[Collected data]
—————

(* $C_3(22) = 9$.
   Context: For positive integers $m, r$, $C_m(r)$ is the minimum odd positive integer $n$ such that there exist vectors $v_1, \ldots, v_n \in \mathbb{Z}^m$ (not necessarily distinct) with $|v_i| = \sqrt{r}$ (Euclidean norm) for every $i$ and $v_1 + \cdots + v_n = \mathbf{0}$; if no such odd $n$ exists, $C_m(r) = 0$. *)

theory Defs
  imports Complex_Main
begin

definition zero_sum_family :: "nat \<Rightarrow> nat \<Rightarrow> nat \<Rightarrow> bool" where
  "zero_sum_family m r n \<longleftrightarrow>
     (\<exists>vs :: int list list.
        length vs = n \<and>
        (\<forall>v \<in> set vs. length v = m \<and>
            sqrt (real_of_int (\<Sum>x\<leftarrow>v. x ^ 2)) = sqrt (real r)) \<and>
        (\<forall>i < m. (\<Sum>v\<leftarrow>vs. v ! i) = 0))"

definition C :: "nat \<Rightarrow> nat \<Rightarrow> nat" where
  "C m r = (if \<exists>n. n > 0 \<and> odd n \<and> zero_sum_family m r n
            then (LEAST n. n > 0 \<and> odd n \<and> zero_sum_family m r n)
            else 0)"

end

theory Submission
  imports Defs
begin

text \<open>The only way to write 22 as a sum of three squares is 9 + 9 + 4, so every vector of
  the family has entries \<open>\<plusminus>3, \<plusminus>3, \<plusminus>2\<close> in some order, exactly one of them even.
  In a coordinate summing to zero the number of odd entries is even, so for odd \<open>n\<close> the
  number of entries \<open>\<plusminus>2\<close> is odd; it cannot be 1, because the entries \<open>\<plusminus>3\<close> sum to a
  multiple of 3 and a single \<open>\<plusminus>2\<close> does not. So each of the three coordinates carries at
  least three even entries, and since every vector contributes exactly one, \<open>n \<ge> 9\<close>.\<close>

lemma sum_three_squares_eq_22:
  fixes a b c :: int
  assumes sum: "a^2 + b^2 + c^2 = 22"
  shows "set [a,b,c] \<subseteq> {-3,-2,2,3} \<and> length (filter even [a,b,c]) = 1"
proof -
  have square_values: "x^2 \<in> {0,1,4,9,16}" if "x^2 \<le> 22" for x :: int
  proof -
    have "\<bar>x\<bar> < 5" using that abs_le_square_iff[of 5 x] by simp
    then have "x \<in> {-4,-3,-2,-1,0,1,2,3,4}" by auto
    then show ?thesis by (elim insertE emptyE; simp)
  qed
  have "a^2 \<in> {0,1,4,9,16}" "b^2 \<in> {0,1,4,9,16}" "c^2 \<in> {0,1,4,9,16}"
    using sum zero_le_power2[of a] zero_le_power2[of b] zero_le_power2[of c]
    by (intro square_values; linarith)+
  then have "a^2 = 4 \<and> b^2 = 9 \<and> c^2 = 9 \<or> a^2 = 9 \<and> b^2 = 4 \<and> c^2 = 9 \<or> a^2 = 9 \<and> b^2 = 9 \<and> c^2 = 4"
    using sum by (elim insertE emptyE; simp)
  moreover have "x^2 = 4 \<longleftrightarrow> x = -2 \<or> x = 2" "x^2 = 9 \<longleftrightarrow> x = -3 \<or> x = 3" for x :: int
    using power2_eq_iff[of x 2] power2_eq_iff[of x 3] by auto
  ultimately show ?thesis by auto
qed

lemma even_sum_list_iff:
  fixes xs :: "'a :: semiring_parity list"
  shows "even (sum_list xs) \<longleftrightarrow> even (length (filter odd xs))"
  by (induction xs) auto

lemma sum_list_filter_add_filter_not:
  fixes xs :: "'a :: comm_monoid_add list"
  shows "sum_list (filter P xs) + sum_list (filter (\<lambda>x. \<not> P x) xs) = sum_list xs"
  by (induction xs) (simp_all add: ac_simps)

lemma dvd_sum_list:
  fixes xs :: "'a :: comm_semiring_1 list"
  assumes "\<And>x. x \<in> set xs \<Longrightarrow> d dvd x"
  shows "d dvd sum_list xs"
  using assms by (induction xs) auto

lemma three_le_count_even_if_sum_list_eq_0:
  fixes xs :: "int list"
  assumes entries: "set xs \<subseteq> {-3,-2,2,3}" and sum: "sum_list xs = 0" and len: "odd (length xs)"
  shows "3 \<le> length (filter even xs)"
proof -
  have "even (length (filter odd xs))" using even_sum_list_iff[of xs] sum by simp
  moreover have "length (filter even xs) + length (filter odd xs) = length xs"
    by (rule sum_length_filter_compl)
  ultimately have odd_evens: "odd (length (filter even xs))" using len by (metis even_add)
  have "3 dvd sum_list (filter odd xs)" using entries by (intro dvd_sum_list) auto
  moreover have "sum_list (filter even xs) = - sum_list (filter odd xs)"
    using sum_list_filter_add_filter_not[of even xs] sum by simp
  ultimately have three_dvd_evens: "3 dvd sum_list (filter even xs)" by simp
  show ?thesis
  proof (rule ccontr)
    assume "\<not> ?thesis"
    moreover have "n = 1" if "odd n" and "\<not> 3 \<le> n" for n :: nat
      using that by presburger
    ultimately have "length (filter even xs) = 1" using odd_evens by blast
    then obtain y where y: "filter even xs = [y]" by (auto simp: length_Suc_conv)
    then have "y \<in> set (filter even xs)" by simp
    with entries have "y \<in> {-2, 2}" by auto
    moreover have "3 dvd y" using three_dvd_evens y by simp
    ultimately show False by auto
  qed
qed

lemma sum_column_counts_eq_sum_row_counts:
  assumes "\<forall>v \<in> set vs. length v = m"
  shows "(\<Sum>i<m. length (filter P (map (\<lambda>v. v ! i) vs))) = (\<Sum>v\<leftarrow>vs. length (filter P v))"
  using assms
proof (induction vs)
  case Nil
  then show ?case by simp
next
  case (Cons v vs)
  have "length (filter P v) = (\<Sum>i<m. if P (v ! i) then 1 else 0)"
    using Cons.prems by (simp add: length_filter_conv_card lessThan_def sum.inter_filter[symmetric])
  moreover have "length (filter P (map (\<lambda>v. v ! i) (v # vs)))
      = (if P (v ! i) then 1 else 0) + length (filter P (map (\<lambda>v. v ! i) vs))" for i
    by simp
  ultimately show ?case using Cons by (simp only: sum.distrib sum_list.Cons list.map) simp
qed

lemma C_eqI:
  assumes "odd n" and "zero_sum_family m r n"
    and "\<And>k. odd k \<Longrightarrow> zero_sum_family m r k \<Longrightarrow> n \<le> k"
  shows "C m r = n"
proof -
  have "0 < n" using \<open>odd n\<close> by (rule odd_pos)
  then have "(LEAST k. 0 < k \<and> odd k \<and> zero_sum_family m r k) = n"
    using assms by (intro Least_equality) auto
  with \<open>0 < n\<close> assms(1,2) show ?thesis unfolding C_def by auto
qed

lemma zero_sum_family_3_22_9: "zero_sum_family 3 22 9"
  unfolding zero_sum_family_def
proof (intro exI conjI)
  let ?vs = "[[-3,-3,-2], [-3,-3,-2], [-3,-3,-2], [-3,2,-3], [2,-3,-3],
              [2,3,3], [2,3,3], [3,2,3], [3,2,3]] :: int list list"
  show "length ?vs = 9" by simp
  show "\<forall>v\<in>set ?vs. length v = 3 \<and> sqrt (real_of_int (\<Sum>x\<leftarrow>v. x ^ 2)) = sqrt (real 22)"
    by simp
  show "\<forall>i<3. (\<Sum>v\<leftarrow>?vs. v ! i) = 0"
    by (auto simp: less_Suc_eq numeral_3_eq_3)
qed

lemma zero_sum_family_3_22_ge_9:
  assumes "zero_sum_family 3 22 n" and "odd n"
  shows "9 \<le> n"
proof -
  obtain vs :: "int list list" where len: "length vs = n"
    and rows: "\<forall>v \<in> set vs. length v = 3 \<and> sqrt (real_of_int (\<Sum>x\<leftarrow>v. x ^ 2)) = sqrt (real 22)"
    and columns: "\<forall>i < 3. (\<Sum>v\<leftarrow>vs. v ! i) = 0"
    using assms(1) unfolding zero_sum_family_def by blast
  have row_shape: "set v \<subseteq> {-3,-2,2,3} \<and> length (filter even v) = 1" if "v \<in> set vs" for v
  proof -
    have "length v = 3" and "(\<Sum>x\<leftarrow>v. x ^ 2) = 22" using rows that by auto
    moreover from \<open>length v = 3\<close> obtain a b c where v: "v = [a, b, c]"
      by (auto simp: numeral_3_eq_3 length_Suc_conv)
    ultimately show ?thesis using sum_three_squares_eq_22[of a b c] by simp
  qed
  have column_evens: "3 \<le> length (filter even (map (\<lambda>v. v ! i) vs))" if i: "i < 3" for i
  proof (rule three_le_count_even_if_sum_list_eq_0)
    have "v ! i \<in> {-3,-2,2,3}" if "v \<in> set vs" for v
    proof -
      have "v ! i \<in> set v" using rows that i by (intro nth_mem) auto
      then show ?thesis using row_shape[OF that] by blast
    qed
    then show "set (map (\<lambda>v. v ! i) vs) \<subseteq> {-3,-2,2,3}" by auto
    show "sum_list (map (\<lambda>v. v ! i) vs) = 0" using columns that by simp
    show "odd (length (map (\<lambda>v. v ! i) vs))" using len assms(2) by simp
  qed
  have "(9::nat) = (\<Sum>i<3::nat. 3)" by simp
  also have "\<dots> \<le> (\<Sum>i<3. length (filter even (map (\<lambda>v. v ! i) vs)))"
    using column_evens by (intro sum_mono) simp
  also have "\<dots> = (\<Sum>v\<leftarrow>vs. length (filter even v))"
    using rows by (intro sum_column_counts_eq_sum_row_counts) auto
  also have "\<dots> = (\<Sum>v\<leftarrow>vs. 1)"
    using row_shape by (intro arg_cong[where f = sum_list] map_cong) auto
  also have "\<dots> = n" using len by (simp add: sum_list_triv)
  finally show ?thesis .
qed

theorem theorem4:
  shows "C 3 22 = 9"
  using zero_sum_family_3_22_9 zero_sum_family_3_22_ge_9 by (intro C_eqI) auto

end
lemma num_monomials_less_4_iff:
  fixes P :: "'a::comm_monoid_add poly"
  shows "num_monomials P < 4 \<longleftrightarrow> (\<exists>a b c i j k. P = monom a i + monom b j + monom c k)"
proof
  let ?I = "{n. coeff P n \<noteq> 0}"
  assume "num_monomials P < 4"
  then have "card ?I \<le> 3" unfolding num_monomials_def by simp
  have "finite ?I"
    by (rule finite_subset[of _ "{..degree P}"]) (auto intro: le_degree)
  then have "infinite (UNIV - ?I)" by (simp add: Diff_infinite_finite)
  \<comment> \<open>pad the support with unused exponents to exactly three\<close>
  then obtain B where B: "B \<subseteq> UNIV - ?I" "finite B" "card B = 3 - card ?I"
    using infinite_arbitrarily_large by blast
  have "card (?I \<union> B) = 3"
    using B \<open>finite ?I\<close> \<open>card ?I \<le> 3\<close> by (subst card_Un_disjoint) auto
  then obtain i j k where "?I \<union> B = {i, j, k}" "i \<noteq> j" "j \<noteq> k" "i \<noteq> k"
    by (auto simp: card_3_iff)
  then have "P = monom (coeff P i) i + monom (coeff P j) j + monom (coeff P k) k"
    by (auto simp: poly_eq_iff)
  then show "\<exists>a b c i j k. P = monom a i + monom b j + monom c k" by blast
next
  assume "\<exists>a b c i j k. P = monom a i + monom b j + monom c k"
  then obtain a b c i j k where P: "P = monom a i + monom b j + monom c k" by blast
  have "{n. coeff P n \<noteq> 0} \<subseteq> {i, j, k}" unfolding P by auto
  then have "num_monomials P \<le> card {i, j, k}"
    unfolding num_monomials_def by (intro card_mono) auto
  also have "\<dots> \<le> 3" by (simp add: card_insert_if)
  finally show "num_monomials P < 4" by simp
qed

(* The conditions on a X^i + b X^j + c X^k, divided by X^i, at the points 1, x, y and x y, where
   z1, z2 are the values of X^(j-i) and w1, w2 those of X^(k-i) at x and y. *)
definition trinomial_system :: "'a::field \<Rightarrow> 'a \<Rightarrow> 'a \<Rightarrow> 'a \<Rightarrow> bool" where
  "trinomial_system z1 z2 w1 w2 \<longleftrightarrow> (\<exists>a b c. a + b + c = 1 \<and> a + b * z1 + c * w1 = 0 \<and>
     a + b * z2 + c * w2 = 0 \<and> a + b * (z1 * z2) + c * (w1 * w2) = 0)"

lemma trinomial_system_iff_vanishing:
  fixes x y :: "'a::field"
  assumes "x \<noteq> 0" and "y \<noteq> 0"
  shows "trinomial_system (x ^ j / x ^ i) (y ^ j / y ^ i) (x ^ k / x ^ i) (y ^ k / y ^ i) \<longleftrightarrow>
    (\<exists>a b c. poly (monom a i + monom b j + monom c k) 1 = 1 \<and>
      poly (monom a i + monom b j + monom c k) x = 0 \<and>
      poly (monom a i + monom b j + monom c k) y = 0 \<and>
      poly (monom a i + monom b j + monom c k) (x * y) = 0)"
proof -
  have vanish: "poly (monom a i + monom b j + monom c k) s = 0 \<longleftrightarrow>
      a + b * (s ^ j / s ^ i) + c * (s ^ k / s ^ i) = 0" if "s \<noteq> 0" for a b c s :: 'a
  proof -
    have "poly (monom a i + monom b j + monom c k) s =
        s ^ i * (a + b * (s ^ j / s ^ i) + c * (s ^ k / s ^ i))"
      using that by (simp add: poly_monom field_simps)
    then show ?thesis using that by simp
  qed
  have at_1: "poly (monom a i + monom b j + monom c k) 1 = a + b + c" for a b c :: 'a
    by (simp add: poly_monom)
  have xy: "(x * y) ^ n / (x * y) ^ i = (x ^ n / x ^ i) * (y ^ n / y ^ i)" for n
    by (simp add: power_mult_distrib)
  have "x * y \<noteq> 0" using assms by simp
  show ?thesis unfolding trinomial_system_def at_1 vanish[OF \<open>x \<noteq> 0\<close>]
    vanish[OF \<open>y \<noteq> 0\<close>] vanish[OF \<open>x * y \<noteq> 0\<close>] xy ..
qed

lemma linear_2x2_solution:
  fixes p q u v :: "'a::comm_ring_1"
  assumes "p + q = 1" and "p * u + q * v = 0"
  shows "p * (v - u) = v" and "q * (u - v) = u"
proof -
  have "p * (v - u) = (p + q) * v - (p * u + q * v)" and "q * (u - v) = (p + q) * u - (p * u + q * v)"
    by (simp_all add: algebra_simps)
  then show "p * (v - u) = v" and "q * (u - v) = u" using assms by simp_all
qed

lemma trinomial_system_necessary:
  fixes z1 z2 w1 w2 :: "'a::field"
  assumes "trinomial_system z1 z2 w1 w2" and "z1 \<noteq> 0" "z2 \<noteq> 0" "w1 \<noteq> 0" "w2 \<noteq> 0"
  shows "z1 \<noteq> 1 \<and> z2 \<noteq> 1 \<and> w1 \<noteq> 1 \<and> w2 \<noteq> 1 \<and> z1 \<noteq> w1 \<and>
    z1 * (1 - w1) * (z2 - w2) = z2 * (1 - w2) * (z1 - w1)"
proof -
  obtain a b c where e0: "a + b + c = 1" and e1: "a + b * z1 + c * w1 = 0"
    and e2: "a + b * z2 + c * w2 = 0" and e3: "a + b * (z1 * z2) + c * (w1 * w2) = 0"
    using assms(1) unfolding trinomial_system_def by blast
  have "b * (1 - z1) + c * (1 - w1) = (a + b + c) - (a + b * z1 + c * w1)"
    and "b * (1 - z1) * z2 + c * (1 - w1) * w2 = (a + b * z2 + c * w2) - (a + b * (z1 * z2) + c * (w1 * w2))"
    by (simp_all add: algebra_simps)
  then have "b * (1 - z1) + c * (1 - w1) = 1" and "b * (1 - z1) * z2 + c * (1 - w1) * w2 = 0"
    using e0 e1 e2 e3 by simp_all
  then have b1: "b * (1 - z1) * (w2 - z2) = w2" and c1: "c * (1 - w1) * (z2 - w2) = z2"
    using linear_2x2_solution by blast+
  have "b * (1 - z2) + c * (1 - w2) = (a + b + c) - (a + b * z2 + c * w2)"
    and "b * (1 - z2) * z1 + c * (1 - w2) * w1 = (a + b * z1 + c * w1) - (a + b * (z1 * z2) + c * (w1 * w2))"
    by (simp_all add: algebra_simps)
  then have "b * (1 - z2) + c * (1 - w2) = 1" and "b * (1 - z2) * z1 + c * (1 - w2) * w1 = 0"
    using e0 e1 e2 e3 by simp_all
  then have b2: "b * (1 - z2) * (w1 - z1) = w1" and c2: "c * (1 - w2) * (z1 - w1) = z1"
    using linear_2x2_solution by blast+
  have "z1 \<noteq> 1" using b1 \<open>w2 \<noteq> 0\<close> by auto
  moreover have "w1 \<noteq> 1" using c1 \<open>z2 \<noteq> 0\<close> by auto
  moreover have "z2 \<noteq> 1" using b2 \<open>w1 \<noteq> 0\<close> by auto
  moreover have "w2 \<noteq> 1" using c2 \<open>z1 \<noteq> 0\<close> by auto
  moreover have "z1 \<noteq> w1" using c2 \<open>z1 \<noteq> 0\<close> by auto
  moreover have "z1 * (1 - w1) * (z2 - w2) = z2 * (1 - w2) * (z1 - w1)"
  proof -
    have "z1 * (1 - w1) * (z2 - w2) = c * (1 - w2) * (z1 - w1) * ((1 - w1) * (z2 - w2))"
      using c2 by simp
    also have "\<dots> = c * (1 - w1) * (z2 - w2) * ((1 - w2) * (z1 - w1))"
      by (simp only: ac_simps)
    finally show ?thesis using c1 by simp
  qed
  ultimately show ?thesis by blast
qed
(* In the errorless symmetric relay network described in the context, the greedy policy $G$ is optimal for minimizing the average sum AoI at the destination nodes: for every horizon $T\ge1$, $G$ minimizes $\frac{1}{TK}\sum_{t=1}^T\sum_{k=1}^K h_k^{\pi}(t)$ over all policies $\pi$. Furthermore, for every time slot $t$, $G$ minimizes the instantaneous sums $\frac1K\sum_{k=1}^K h_k^{\pi}(t)$ and $\frac1K\sum_{k=1}^K g_k^{\pi}(t)$ over all policies $\pi$.
   Context: Fix integers $K\ge 2$ and $S,U$ with $1\le S<K$, $1\le U<K$, and $S=U$. There are $K$ processes indexed by $k\in\{1,\dots,K\}$ and time slots $t=1,2,\dots$. The state at time $t$ consists of relay AoI values $g_k(t)$ and destination AoI values $h_k(t)$, with $g_k(1)=h_k(1)=1$ for all $k$. A policy $\pi$ is a map assigning to the current state a pair $(\mathcal{S}^{\pi}(t),\mathcal{U}^{\pi}(t))$ of subsets of $\{1,\dots,K\}$ with $|\mathcal{S}^{\pi}(t)|=S$ and $|\mathcal{U}^{\pi}(t)|=U$. Errorless dynamics: $g_k(t+1)=1$ if $k\in\mathcal{S}(t)$, else $g_k(t+1)=g_k(t)+1$; $h_k(t+1)=g_k(t)+1$ if $k\in\mathcal{U}(t)$, else $h_k(t+1)=h_k(t)+1$. Write $g_k^\pi(t),h_k^\pi(t)$ for the sequences under $\pi$. The greedy policy $G$ chooses at each time $t$ a set $\mathcal{S}^G(t)$ of $S$ indices with the largest values $g_k(t)$ (i.e. maximizing $\sum_{k\in\mathcal{S}}g_k(t)$ over $|\mathcal{S}|=S$) and a set $\mathcal{U}^G(t)$ of $U$ indices with the largest gaps $h_k(t)-g_k(t)$ (i.e. maximizing $\sum_{k\in\mathcal{U}}(h_k(t)-g_k(t))$ over $|\mathcal{U}|=U$). *)

theory Defs
  imports "HOL-Analysis.Analysis"
begin

text \<open>State of the network: relay AoI g and destination AoI h, as functions of the
process index k (only indices 1..K are meaningful).\<close>
type_synonym state = "(nat \<Rightarrow> nat) \<times> (nat \<Rightarrow> nat)"

text \<open>A policy maps the current state to the pair (scheduled sampling set, scheduled update set).\<close>
type_synonym policy = "state \<Rightarrow> nat set \<times> nat set"

definition valid_policy :: "nat \<Rightarrow> nat \<Rightarrow> nat \<Rightarrow> policy \<Rightarrow> bool" where
  "valid_policy K S U \<pi> \<longleftrightarrow>
     (\<forall>st. fst (\<pi> st) \<subseteq> {1..K} \<and> card (fst (\<pi> st)) = S \<and>
           snd (\<pi> st) \<subseteq> {1..K} \<and> card (snd (\<pi> st)) = U)"

definition step :: "nat set \<Rightarrow> nat set \<Rightarrow> state \<Rightarrow> state" where
  "step Ss Us st =
     ((\<lambda>k. if k \<in> Ss then 1 else fst st k + 1),
      (\<lambda>k. if k \<in> Us then fst st k + 1 else snd st k + 1))"

text \<open>traj \<pi> n is the state at time slot t = n + 1 (so traj \<pi> 0 is the state at t = 1).\<close>
fun traj :: "policy \<Rightarrow> nat \<Rightarrow> state" where
  "traj \<pi> 0 = ((\<lambda>k. 1), (\<lambda>k. 1))"
| "traj \<pi> (Suc n) = step (fst (\<pi> (traj \<pi> n))) (snd (\<pi> (traj \<pi> n))) (traj \<pi> n)"

definition gAoI :: "policy \<Rightarrow> nat \<Rightarrow> nat \<Rightarrow> nat" where
  "gAoI \<pi> k t = fst (traj \<pi> (t - 1)) k"

definition hAoI :: "policy \<Rightarrow> nat \<Rightarrow> nat \<Rightarrow> nat" where
  "hAoI \<pi> k t = snd (traj \<pi> (t - 1)) k"

text \<open>A greedy policy: at every state, the sampling set consists of S indices with the largest
relay AoI (maximizes the sum of g over all S-subsets of {1..K}), and the update set of U indices
with the largest gaps h - g (ties broken arbitrarily).\<close>
definition greedy_policy :: "nat \<Rightarrow> nat \<Rightarrow> nat \<Rightarrow> policy \<Rightarrow> bool" where
  "greedy_policy K S U G \<longleftrightarrow> valid_policy K S U G \<and>
     (\<forall>st. (\<forall>A. A \<subseteq> {1..K} \<and> card A = S \<longrightarrow>
               (\<Sum>k\<in>A. real (fst st k)) \<le> (\<Sum>k\<in>fst (G st). real (fst st k))) \<and>
           (\<forall>A. A \<subseteq> {1..K} \<and> card A = U \<longrightarrow>
               (\<Sum>k\<in>A. real (snd st k) - real (fst st k))
                 \<le> (\<Sum>k\<in>snd (G st). real (snd st k) - real (fst st k))))"

end

theory Submission
  imports Defs
begin

text \<open>With S = U the processes with a positive gap h - g are exactly those sampled in the
previous slot, so the greedy update set covers them and under G every destination age is the
previous relay age plus one, a lower bound valid for every policy. It remains to see that G
minimizes the relay age sum in every slot. That sum is the sum over thresholds c of the number
of processes with relay age at least c, and G minimizes each of these counts because a set of
maximal relay age sum is nested with every superlevel set of the relay ages.\<close>

lemma max_sum_subset_exchange:
  fixes f :: "'a \<Rightarrow> 'b::ordered_ab_group_add"
  assumes max: "\<And>B. B \<subseteq> I \<Longrightarrow> card B = card A \<Longrightarrow> sum f B \<le> sum f A"
    and A: "finite A" "A \<subseteq> I" and a: "a \<in> A" and k: "k \<in> I - A"
  shows "f k \<le> f a"
proof -
  let ?B = "insert k (A - {a})"
  have "?B \<subseteq> I"
    using A k by auto
  moreover have "card ?B = Suc (card (A - {a}))"
    using A k by (intro card_insert_disjoint) auto
  then have "card ?B = card A"
    using card_Suc_Diff1[OF A(1) a] by simp
  ultimately have "sum f ?B \<le> sum f A"
    by (rule max)
  moreover have "sum f ?B = f k + sum f (A - {a})"
    using A k by simp
  moreover have "sum f A = f a + sum f (A - {a})"
    using A a by (simp add: sum.remove)
  ultimately show ?thesis
    by simp
qed

definition superlevel :: "'a set \<Rightarrow> ('a \<Rightarrow> 'b::ord) \<Rightarrow> 'b \<Rightarrow> 'a set" where
  "superlevel I f c = {k \<in> I. c \<le> f k}"

lemma max_sum_subset_nested_superlevel:
  fixes f :: "'a \<Rightarrow> 'b::ordered_ab_group_add"
  assumes max: "\<And>B. B \<subseteq> I \<Longrightarrow> card B = card A \<Longrightarrow> sum f B \<le> sum f A"
    and A: "finite A" "A \<subseteq> I"
  shows "A \<subseteq> superlevel I f c \<or> superlevel I f c \<subseteq> A"
proof (rule disjCI)
  assume "\<not> superlevel I f c \<subseteq> A"
  then obtain k where k: "k \<in> I - A" "c \<le> f k"
    unfolding superlevel_def by auto
  have "c \<le> f a" if "a \<in> A" for a
    using k max_sum_subset_exchange[OF max A that k(1)] by (blast intro: order_trans)
  then show "A \<subseteq> superlevel I f c"
    using A unfolding superlevel_def by auto
qed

—————

PROBLEM STATEMENT:
Your reply is one number: how many lines of the records above contain the word "processes".

EXPECTED ANSWER:
3